The product/process distinction is the distinction between the product information and the process information of a consumer good. Product information is information that pertains to a consumer good, namely to its price, quality, and safety (its proximate attributes). Process information is information that pertains to the means by which the consumer good is made i.e. the working conditions under which it comes into being, as well as the treatment of animals involved in its production chain (its peripheral attributes).

The product/process distinction is used by the World Trade Organization (WTO) as a way to determine whether or not a complaint filed by an importing nation is valid and warrants trade barriers against the exporting nation. Under WTO rules, an importing nation can lodge a complaint with the WTO that the exporting nation uses methods for obtaining or producing the good in question that the importing nation finds to be immoral or unethical.
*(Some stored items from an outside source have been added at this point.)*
lemma ex_le_average:
  fixes f :: "'a \<Rightarrow> real"
  assumes "finite L" and "L \<noteq> {}"
  obtains l where "l \<in> L" and "f l \<le> (\<Sum>l\<in>L. f l) / card L"
proof (rule ccontr)
  assume "\<not> thesis"
  hence "(\<Sum>l\<in>L. (\<Sum>l\<in>L. f l) / card L) < (\<Sum>l\<in>L. f l)"
    using that by (intro sum_strict_mono[OF assms]) (meson not_le)
  thus False
    using assms by simp
qed

text \<open>Averaging over \<open>l \<le> M\<close> and then Cauchy-Schwarz over the \<open>2 N\<close> differences \<open>d\<close>
  turn the budget \<open>16 pi N R \<le> |S| M\<close> into the hypothesis of \<open>lower_riesz_bound_dilation\<close>.\<close>

lemma ex_dilation_lower_riesz_bound:
  fixes M N :: nat
  assumes S: "S \<in> sets lebesgue" "S \<subseteq> {0..<2*pi}" and \<mu>: "measure lebesgue S > 0"
    and "M \<ge> 1" and "N \<ge> 1"
    and divisors: "\<And>n. 0 < n \<Longrightarrow> n \<le> N * M \<Longrightarrow> real (divisor_count n) \<le> R"
    and budget: "16 * pi * real N * R \<le> measure lebesgue S * real M"
  obtains l where "l \<in> {1..M}"
    and "lower_riesz_bound S ((\<lambda>k. int k * int l) ` {1..N}) (measure lebesgue S / (4 * pi))"
proof -
  define \<mu> where "\<mu> = measure lebesgue S"
  define D where "D = {-int N..int N} - {0}"
  define V where "V l = (\<Sum>d\<in>D. (cmod (set_exp_integral S (d * int l)))\<^sup>2)" for l
  have "R \<ge> 0"
    using divisors[of 1] \<open>M \<ge> 1\<close> \<open>N \<ge> 1\<close> by (simp add: divisor_count_def)
  obtain l where l: "l \<in> {1..M}" and average: "V l \<le> (\<Sum>l=1..M. V l) / card {1..M}"
    using ex_le_average[of "{1..M}" V] \<open>M \<ge> 1\<close> by auto
  note average
  also have "\<dots> \<le> R * (2 * pi * \<mu>) / M"
    using sum_dilated_set_exp_integral_sq_le[OF S \<open>R \<ge> 0\<close> divisors]
    unfolding V_def D_def \<mu>_def by (simp add: divide_right_mono)
  also have "\<dots> \<le> \<mu>\<^sup>2 / (8 * N)"
    using budget \<open>M \<ge> 1\<close> \<open>N \<ge> 1\<close> \<mu> unfolding \<mu>_def by (simp add: field_simps power2_eq_square)
  finally have V: "V l \<le> \<mu>\<^sup>2 / (8 * N)" .
  have "(\<Sum>d\<in>D. cmod (set_exp_integral S (d * int l)))\<^sup>2 \<le> V l * card D"
    unfolding V_def by (rule sum_squared_le_sum_of_squares)
  also have "\<dots> \<le> \<mu>\<^sup>2 / (8 * N) * (2 * N)"
    using mult_right_mono[OF V, of "real (card D)"] by (simp add: D_def)
  also have "\<dots> = (\<mu> / 2)\<^sup>2"
    using \<open>N \<ge> 1\<close> by (simp add: power_divide)
  finally have "(\<Sum>d\<in>D. cmod (set_exp_integral S (d * int l))) \<le> \<mu> / 2"
    by (rule power2_le_imp_le) (use \<mu> in \<open>simp add: \<mu>_def\<close>)
  hence "lower_riesz_bound S ((\<lambda>k. int k * int l) ` {1..N}) (measure lebesgue S / (4 * pi))"
    using l unfolding D_def \<mu>_def by (intro lower_riesz_bound_dilation[OF S \<mu>]) auto
  with l show ?thesis
    by (rule that)
qed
If the independent World Trade Organization Advisory Board, made up of a panel of international law and trade experts, finds that the importing nation has a legitimate complaint, enforces said ethical standards for domestic production, and isn't trying to merely skirt its free trade obligations, then the Board will rule that trade barriers are justified. Despite what World Trade Organization officials have said, in practice the World Trade Organization finds these complaints illegitimate the vast majority of the time.

For example, if the European Union (EU) wants to ban imports of cosmetics that were tested on laboratory animals on grounds that such testing is unethical, it can file a complaint with the World Trade Organization and, in theory, the WTO would allow the EU to enact trade barriers provided that the EU bans its own domestic cosmetic producers from testing on laboratory animals.
In these cases, however, the World Trade Organization has consistently ruled that such barriers are illegal because only the process is different, while the final product itself is not. Therefore, the WTO has made the product/process distinction an important factor in determining whether trade barriers are justified.

The World Trade Organization has stated that if nations were able to enact barriers merely because the importing nation's standards differ from their own, control could be lost and barriers could be enacted around the world for frivolous reasons. However, many complain that these rulings go against the stated intentions of the World Trade Organization, and prove that the organization often puts commercial interests above environmental, ethical, and human rights issues.